Interiors | November 1, 2010 | By:

Threshold Acoustics practices what it preaches in their new Chicago offices.

Carl Giegold, principal in the Chicago-based Threshold Acoustics LLC, used the knowledge of his discipline to soothe his landlord’s lament of “Why do you need that?”

The landlord had asked Giegold why his firm wanted an open office plan when the historic building typically attracts tenants seeking traditional office cubicles. The acoustical design firm recently moved into a historic building located in Chicago’s Loop that has strict rules about the kinds of architectural interventions permitted.

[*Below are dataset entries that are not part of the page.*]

text \<open>Taking \<open>v\<^sub>t = c\<close> as the only free parameter of \<^const>\<open>probe1\<close>, the condition becomes a
  quadratic polynomial in \<open>c\<close> whose leading coefficient is \<open>\<eta>\<^sub>v\<^sub>v\<close>.\<close>

lemma eta_pdir_vv: "pdir ev4 (pdir ev4 \<eta>) w = 0"
proof -
  obtain z0 u0 where w: "w = pt4 z0 u0"
    by (rule pt4_cases)
  let ?G = "pdirn 2 (tangent_t 0) \<eta> w - (1 + (p + 1)) * (pdirn 2 (tangent_x 1) \<eta> w - pdirn 2 (tangent_x 1) \<xi>x w)
            - e * (pdirn 4 (tangent_x 1) \<eta> w - pdirn 4 (tangent_x 1) \<xi>x w)
            - s2 * (pdirn 2 (tangent_y 0) \<eta> w - pdirn 2 (tangent_y 0) \<xi>x w)"
  let ?H = "pdir ev4 (pdir et4 \<eta>) w + pdir et4 (pdir ev4 \<eta>) w - pdir et4 (pdir et4 \<tau>) w
            + s2 * pdirn 2 (tangent_y 0) \<tau> w"
  have tau_vt: "pdir ev4 (pdir et4 \<tau>) w = 0"
    by (rule pdir_eq_0_if_invariant, rule pdir_translation_invariant) (rule tau_v_invariant)
  have tau_v: "pdir et4 (pdir ev4 \<tau>) w = 0" "pdir ev4 (pdir ev4 \<tau>) w = 0"
    using tau_pdir_x_v(2) by (simp_all add: pdir_pdir_eq_0)
  have tau_xx: "pdirn 2 (tangent_x 1) \<tau> w = 0" "pdirn 4 (tangent_x 1) \<tau> w = 0"
    using tau_pdir_tangent_x by (simp_all add: pdirn_expand pdir_pdir_eq_0)
  have xix_tt: "pdirn 2 (tangent_t c) \<xi>x w = 0" for c
    using xix_pdir_t_v_y differentiable_components(1)
    by (simp add: pdirn_expand tangent_t_def pdir_linear_direction pdir_pdir_eq_0)
  have quadratic: "prDelta_probe1 p s2 e X z0 u0 1 0 c 0 0 0 0 0 = ?G + c * ?H + c\<^sup>2 * pdir ev4 (pdir ev4 \<eta>) w" for c
  proof -
    have "pdirn 2 (tangent_t c) \<eta> w = pdirn 2 (tangent_t 0) \<eta> w
            + c * (pdir ev4 (pdir et4 \<eta>) w + pdir et4 (pdir ev4 \<eta>) w) + c\<^sup>2 * pdir ev4 (pdir ev4 \<eta>) w"
      using pdirn_2_linear_direction[OF smooth_components(4), of et4 c ev4 w]
        pdirn_2_linear_direction[OF smooth_components(4), of et4 0 ev4 w] by (simp add: tangent_t_def)
    moreover have "pdirn 2 (tangent_t c) \<tau> w = pdir et4 (pdir et4 \<tau>) w"
      using pdirn_2_linear_direction[OF smooth_components(3), of et4 c ev4 w] tau_vt tau_v by (simp add: tangent_t_def)
    ultimately show ?thesis
      unfolding prDelta_probe1_def Let_def using tau_xx xix_tt w by (simp add: algebra_simps power2_eq_square)
  qed
  have "?G + c * ?H + c\<^sup>2 * pdir ev4 (pdir ev4 \<eta>) w = 0" for c
    using quadratic[of c] prDelta_probe1_eq_0[of 1 z0 u0 0 c 0 0 0 0 0] by simp
  then show ?thesis
    by (rule quadratic_eq_0_imp_leading_eq_0)
qed

end

section \<open>Vector fields in reduced form\<close>

definition pr3 :: "R4 \<Rightarrow> R3" where "pr3 w = (fst w, fst (snd w), fst (snd (snd w)))"
definition vcoord :: "R4 \<Rightarrow> real" where "vcoord w = snd (snd (snd w))"
definition emb :: "R3 \<Rightarrow> R4" where "emb z = pt4 z 0"

lemma pr3_graphpt [simp]: "pr3 (graphpt u z) = z"
  by (simp add: pr3_def graphpt_def)

lemma vcoord_graphpt [simp]: "vcoord (graphpt u z) = u z"
  by (simp add: vcoord_def graphpt_def)

lemma linear_emb: "linear emb"
  by (rule linearI) (auto simp: emb_def pt4_def)

lemma emb_basis: "emb ex = ex4" "emb ey = ey4" "emb et = et4"
  by (simp_all add: emb_def pt4_def ex_def ey_def et_def ex4_def ey4_def et4_def)

lemma emb_pr3_vcoord: "w = emb (pr3 w) + vcoord w *\<^sub>R ev4"
  by (simp add: emb_def pt4_def pr3_def vcoord_def ev4_def)
lemma card_affine_roots_le_degree:
  fixes P :: "'a::field poly" and Q :: "('a \<times> 'a) set"
  assumes "P \<noteq> 0" and "\<And>p. p \<in> Q \<Longrightarrow> snd p \<noteq> 0"
    and nonprop: "\<And>p p' c. p \<in> Q \<Longrightarrow> p' \<in> Q \<Longrightarrow> p = (c * fst p', c * snd p') \<Longrightarrow> p = p'"
    and roots: "\<And>p. p \<in> Q \<Longrightarrow> poly P (fst p / snd p) = 0"
  shows "card Q \<le> degree P"
proof -
  have "inj_on (\<lambda>p. fst p / snd p) Q"
  proof (rule inj_onI)
    fix p p' assume "p \<in> Q" "p' \<in> Q" "fst p / snd p = fst p' / snd p'"
    then have "p = (snd p / snd p' * fst p', snd p / snd p' * snd p')"
      using assms(2) by (auto simp: field_simps prod_eq_iff)
    then show "p = p'" using nonprop \<open>p \<in> Q\<close> \<open>p' \<in> Q\<close> by blast
  qed
  then have "card Q = card ((\<lambda>p. fst p / snd p) ` Q)" by (simp add: card_image)
  also have "\<dots> \<le> card {x. poly P x = 0}"
    using roots by (intro card_mono poly_roots_finite[OF \<open>P \<noteq> 0\<close>]) auto
  also have "\<dots> \<le> degree P" by (rule card_poly_roots_bound[OF \<open>P \<noteq> 0\<close>])
  finally show ?thesis .
qed

lemma binary_form_eq_0:
  fixes r :: "nat \<Rightarrow> 'a::field" and Q :: "('a \<times> 'a) set"
  assumes "finite Q" "d < card Q" "(0, 0) \<notin> Q"
    and nonprop: "\<And>p p' c. p \<in> Q \<Longrightarrow> p' \<in> Q \<Longrightarrow> p = (c * fst p', c * snd p') \<Longrightarrow> p = p'"
    and zeros: "\<And>x y. (x, y) \<in> Q \<Longrightarrow> (\<Sum>s\<le>d. r s * x ^ s * y ^ (d - s)) = 0"
  shows "\<forall>s\<le>d. r s = 0"
proof -
  define P where "P = (\<Sum>s\<le>d. monom (r s) s)"
  have coeff_P: "coeff P s = (if s \<le> d then r s else 0)" for s
    by (simp add: P_def coeff_sum coeff_monom)
  have "degree P \<le> d"
    by (rule degree_le) (simp add: coeff_P)
  define Q1 where "Q1 = {p \<in> Q. snd p \<noteq> 0}"
  have Q1_roots: "card Q1 \<le> degree P" if "P \<noteq> 0"
  proof (rule card_affine_roots_le_degree[OF that])
    show "poly P (fst p / snd p) = 0" if "p \<in> Q1" for p
      using that zeros poly_sum_monom_dehomogenize[where x = "fst p" and y = "snd p" and r = r and d = d]
      by (cases p) (simp add: Q1_def P_def)
  qed (use nonprop in \<open>auto simp: Q1_def\<close>)
  have card_Q: "card Q = card Q1 + card (Q - Q1)"
    using \<open>finite Q\<close> by (simp add: Q1_def card_Diff_subset card_mono)
  have "P = 0"
  proof (rule ccontr)
    assume "P \<noteq> 0"
    show False
    proof (cases "Q - Q1 = {}")
      case True
      then show False
        using card_Q Q1_roots[OF \<open>P \<noteq> 0\<close>] \<open>degree P \<le> d\<close> \<open>d < card Q\<close> by (simp only: card.empty)
    next
      case False
      then obtain x where x: "(x, 0) \<in> Q - Q1" "x \<noteq> 0"
        using \<open>(0, 0) \<notin> Q\<close> by (auto simp: Q1_def) (metis prod.collapse)
      have "Q - Q1 \<subseteq> {(x, 0)}"
      proof
        fix p assume p: "p \<in> Q - Q1"
        then have "p = (fst p / x * x, fst p / x * 0)"
          using x(2) by (auto simp: Q1_def prod_eq_iff)
        then show "p \<in> {(x, 0)}" using nonprop p x(1) by (metis Diff_iff fst_conv snd_conv singletonI)
      qed
      then have "card (Q - Q1) \<le> 1"
        using card_mono[of "{(x, 0)}"] by simp
      have "(\<Sum>s\<le>d. r s * x ^ s * 0 ^ (d - s)) = r d * x ^ d"
        by (subst sum.remove[of _ d]) (auto intro!: sum.neutral)
      then have "r d = 0" using zeros[of x 0] x by simp
      then have "degree P < d"
        using \<open>degree P \<le> d\<close> \<open>P \<noteq> 0\<close> coeff_P by (metis le_neq_implies_less leading_coeff_0_iff)
      then show False
        using card_Q Q1_roots[OF \<open>P \<noteq> 0\<close>] \<open>d < card Q\<close> \<open>card (Q - Q1) \<le> 1\<close> by simp
    qed
  qed
  then show ?thesis using coeff_P by (metis coeff_0)
qed
lemma significant_butlast:
  assumes "2 \<le> length a" "a \<in> lang u" "significant u (a @ [b])"
  shows "significant u a"
proof -
  have "tl a \<noteq> []" and last_tl: "last (tl a) = last a" using assms(1) by (cases a; auto)+
  have "fol u (a @ [b]) \<subset> fol u (tl a @ [b])"
    using assms by (cases a) (auto simp: significant_def)
  then obtain c where "c \<in> fol u (tl a @ [b])" "c \<notin> fol u (a @ [b])" by blast
  then have "c 0 = b" "case_nat (last a) c \<in> fol u (tl a)"
    using fol_snoc[OF \<open>tl a \<noteq> []\<close>] last_tl by auto
  moreover have "a \<noteq> []" using assms(1) by auto
  ultimately have "case_nat (last a) c \<notin> fol u a"
    using fol_snoc \<open>c \<notin> fol u (a @ [b])\<close> by blast
  with \<open>case_nat (last a) c \<in> fol u (tl a)\<close> have "fol u a \<subset> fol u (tl a)" using fol_subset_fol_tl by blast
  then show ?thesis using assms(1,2) by (simp add: significant_def)
qed

lemma not_significant_if_not_left_extendable:
  assumes "v \<noteq> []" and "(\<not> e) # v \<notin> lang u"
  shows "\<not> significant u (e # v)"
proof -
  have "fol u v \<subseteq> fol u (e # v)"
  proof
    fix c assume "c \<in> fol u v"
    then obtain B where B: "B \<in> Xtilde u" "block_at B (1 - int (length v)) (length v) = v"
      "c = (\<lambda>i. B (int i))"
      unfolding fol_iff by blast
    have block: "block_at B (- int (length v)) (Suc (length v)) = B (- int (length v)) # v"
      using B(2) by (simp add: block_at_Suc algebra_simps)
    then have "B (- int (length v)) # v \<in> lang u"
      using Xtilde_block_at_in_lang[OF B(1)] by metis
    then have "B (- int (length v)) = e"
      using assms(2) by (cases e; cases "B (- int (length v))") auto
    then show "c \<in> fol u (e # v)" unfolding fol_iff using B block by auto
  qed
  then show ?thesis using assms(1) by (auto simp: significant_def)
qed

lemma fol_at_occurrence:
  assumes "sturmian u" "factor u k (length a) = a" "a \<noteq> []"
  shows "(\<lambda>i. u (k + length a - 1 + i)) \<in> fol u a"
proof -
  obtain B where B: "B \<in> Xtilde u" "\<And>i. B (int i) = u (k + i)"
    using Xplus_extends_Xtilde[OF assms(1) orbit_in_Xplus[of u k]] by blast
  define B' where "B' q = B (q + int (length a - 1))" for q
  have "B' \<in> Xtilde u" using Xtilde_shift[OF B(1)] by (simp add: B'_def[abs_def])
  moreover have "block_at B' (1 - int (length a)) (length a) = a"
  proof -
    have "1 - int (length a) + int i + int (length a - 1) = int i" for i
      using assms(3) by (cases a) auto
    then show ?thesis using assms(2) B(2) by (simp add: block_at_def B'_def factor_def)
  qed
  moreover have "(\<lambda>i. u (k + length a - 1 + i)) = (\<lambda>i. B' (int i))"
    using assms(3) B(2) by (cases a) (simp_all add: B'_def ac_simps flip: of_nat_add)
  ultimately show ?thesis unfolding fol_iff by blast
qed

lemma fol_continues_block:
  assumes "c \<in> fol u a"
  shows "a @ factor c 1 N \<in> lang u"
proof -
  obtain B where B: "B \<in> Xtilde u" "block_at B (1 - int (length a)) (length a) = a"
    "c = (\<lambda>i. B (int i))"
    using assms unfolding fol_iff by blast
  have "block_at B (1 - int (length a)) (length a + N) = a @ factor c 1 N"
    using B(2,3) by (simp add: block_at_add flip: block_at_nonneg)
  then show ?thesis using Xtilde_block_at_in_lang[OF B(1)] by metis
qed

lemma significant_if_right_context:
  assumes st: "sturmian u" and "v \<noteq> []" and "e # v \<in> lang u"
    and "(\<not> e) # v @ s \<in> lang u" and "e # v @ s \<notin> lang u"
  shows "significant u (e # v)"
proof -
  obtain k where k: "factor u k (Suc (length v + length s)) = (\<not> e) # v @ s"
    using assms(4) by (auto simp: lang_iff_factor)
  then have "factor u (Suc k) (length v + length s) = v @ s"
    by (simp add: factor_Suc_Cons)
  then have v: "factor u (Suc k) (length v) = v" and s: "factor u (Suc k + length v) (length s) = s"
    by (simp_all add: factor_add)
  define c where "c i = u (Suc k + length v - 1 + i)" for i
  have "c \<in> fol u v" using fol_at_occurrence[OF st v \<open>v \<noteq> []\<close>] by (simp add: c_def[abs_def])
  moreover have "c \<notin> fol u (e # v)"
  proof
    assume "c \<in> fol u (e # v)"
    moreover have "factor c 1 (length s) = s"
      using s \<open>v \<noteq> []\<close> by (simp add: c_def factor_def)
    ultimately show False using fol_continues_block[of c u "e # v" "length s"] assms(5) by simp
  qed
  ultimately have "fol u (e # v) \<subset> fol u v"
    using fol_subset_fol_tl[of u "e # v"] by auto
  then show ?thesis using assms(2,3) by (simp add: significant_def Suc_le_eq)
qed

section \<open>The longest significant suffix\<close>

lemma suffix_same_length: "suffix s a \<Longrightarrow> suffix t a \<Longrightarrow> length s = length t \<Longrightarrow> s = t"
  using suffix_length_suffix suffix_order.antisym by (metis order_refl)

lemma sig_eqI:
  assumes "suffix s a" "significant u s"
    and "\<And>t. suffix t a \<Longrightarrow> significant u t \<Longrightarrow> length t \<le> length s"
  shows "sig u a = s"
  unfolding sig_def
proof (rule the_equality)
  fix s' assume "suffix s' a \<and> significant u s' \<and>
    (\<forall>t. suffix t a \<and> significant u t \<longrightarrow> length t \<le> length s')"
  then show "s' = s" using assms suffix_same_length by (metis le_antisym)
qed (use assms in blast)

lemma sig_greatest:
  assumes "a \<noteq> []" and "[last a] \<in> lang u"
  shows "suffix (sig u a) a" "significant u (sig u a)"
    "\<And>t. suffix t a \<Longrightarrow> significant u t \<Longrightarrow> length t \<le> length (sig u a)"
proof -
  define S where "S = {t. suffix t a \<and> significant u t}"
  have "finite S"
    by (rule finite_subset[of _ "set (suffixes a)"]) (auto simp: S_def)
  have "suffix [last a] a" using assms(1) by (metis append_butlast_last_id suffix_def)
  then have "[last a] \<in> S" using assms(2) by (simp add: S_def significant_def)
  then obtain s where s: "s \<in> S" "length s = Max (length ` S)"
    using Max_in[of "length ` S"] \<open>finite S\<close> by fastforce
  have "length t \<le> length s" if "t \<in> S" for t
    using that s(2) \<open>finite S\<close> by simp
  then have "sig u a = s" using s(1) by (intro sig_eqI) (auto simp: S_def)
  then show "suffix (sig u a) a" "significant u (sig u a)"
    "\<And>t. suffix t a \<Longrightarrow> significant u t \<Longrightarrow> length t \<le> length (sig u a)"
    using s(1) \<open>\<And>t. t \<in> S \<Longrightarrow> _\<close> by (auto simp: S_def)
qed

section \<open>Special blocks of the left special sequence\<close>

lemma length_Lblock [simp]: "length (Lblock l k) = k"
  by (simp add: Lblock_def)

lemma Lblock_Suc: "Lblock l (Suc k) = Lblock l k @ [l (Suc k)]"
  by (simp add: Lblock_def)

lemma Lblock_take: "k \<le> k' \<Longrightarrow> Lblock l k = take k (Lblock l k')"
  by (simp add: Lblock_def take_map del: upt_Suc)

lemma left_special_Lblock: "left_special_seq u l \<Longrightarrow> left_special u (Lblock l k)"
  by (simp add: left_special_seq_def left_special_def)

lemma singleton_in_lang: "left_special_seq u l \<Longrightarrow> [c] \<in> lang u"
  using left_special_Lblock[of u l 0] by (cases c) (auto simp: left_special_def Lblock_def)

lemma right_special_Lblock_hd:
  assumes "sturmian u" "left_special_seq u l" "right_special u (e # Lblock l k)"
  shows "e = l (Suc k)"
  using sturmian_right_special_hd_eq_left_special_last[OF assms(1,3)]
    left_special_Lblock[OF assms(2), of "Suc k"] by (simp add: Lblock_Suc)

section \<open>Arrows out of a right special significant block\<close>

context
  fixes u l :: "nat \<Rightarrow> bool" and x w :: bool and m n :: nat
  assumes sturmian: "sturmian u" and left_special_l: "left_special_seq u l"
    and m: "1 \<le> m" "m < n"
    and consecutive: "consecutive_rs u (x # Lblock l (n - 1)) (w # Lblock l (m - 1))"
begin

Threshold is a creative design practice. Its staff designs the acoustics of major performance halls. Among the firms’ current projects is the improvement of the room acoustics in Philadelphia’s Kimmel Center for the Performing Arts, home of the Philadelphia Orchestra. The design team works simultaneously with ever-changing collaborations on projects so the firm wanted an open office interior to facilitate its work style with project partners. But in open-plan interiors, a hard ceiling is remarkably democratic and troublesome: everyone can be heard! As Giegold pointed out, “We are large enough to make a good racket on a busy day, and everyone needs time to focus.”

When a flat, monolithic, nonintrusive ceiling is called for in sensitive or historic structures, stretched fabric systems are getting justifiable notice. The technical fabric installed on Threshold’s ceiling is a Clipso USA proprietary woven polyester with a polyurethane coating and a soft matte white finish. The weave, critical to the absorption of high frequency sound, is nearly invisible, even at close scrutiny, but still allows the fuzz behind it to take out most of the speech and equipment noise that would otherwise reflect from the ceiling.

“The coating seals the cells of the fabric, which is anti-static, stain resistant and hydrophobic,” says Clipso’s director of sales Jeff Dordick. “It also has a Class A fire rating.” That alone makes it a valuable asset in any historic building, not to mention one in a city with a history of fires.

“If the fabric is held to the light you see little sparkles,” says Dordick. “These are micro-perforations. Sound actually passes through the fabric and is absorbed by material behind it.” Since it’s acoustically transparent, there is almost no reverberation. This fabric has also been effectively used in a new admissions building at Brandeis University, the walls of a church and in a performing arts center.

In Threshold’s offices and conference room, numerous fabric panels are tucked into plastic profiles at the room’s perimeter and cover large areas without sagging. The largest of the panels is about 4m wide and more than 18m long—seamless, taut and nearly indistinguishable from plaster. Installation was by The HUFF Co. Inc., based in Libertyville, Ill.

“The installation process is not for the faint of heart,” says Giegold. “A 65m2 piece of fabric has strong opinions and requires persuasion, but HUFF’s crew was clearly up to the task.” The visual and acoustic effect is dramatic, and word of its success seems to be working its way around the building. Quietly, we presume.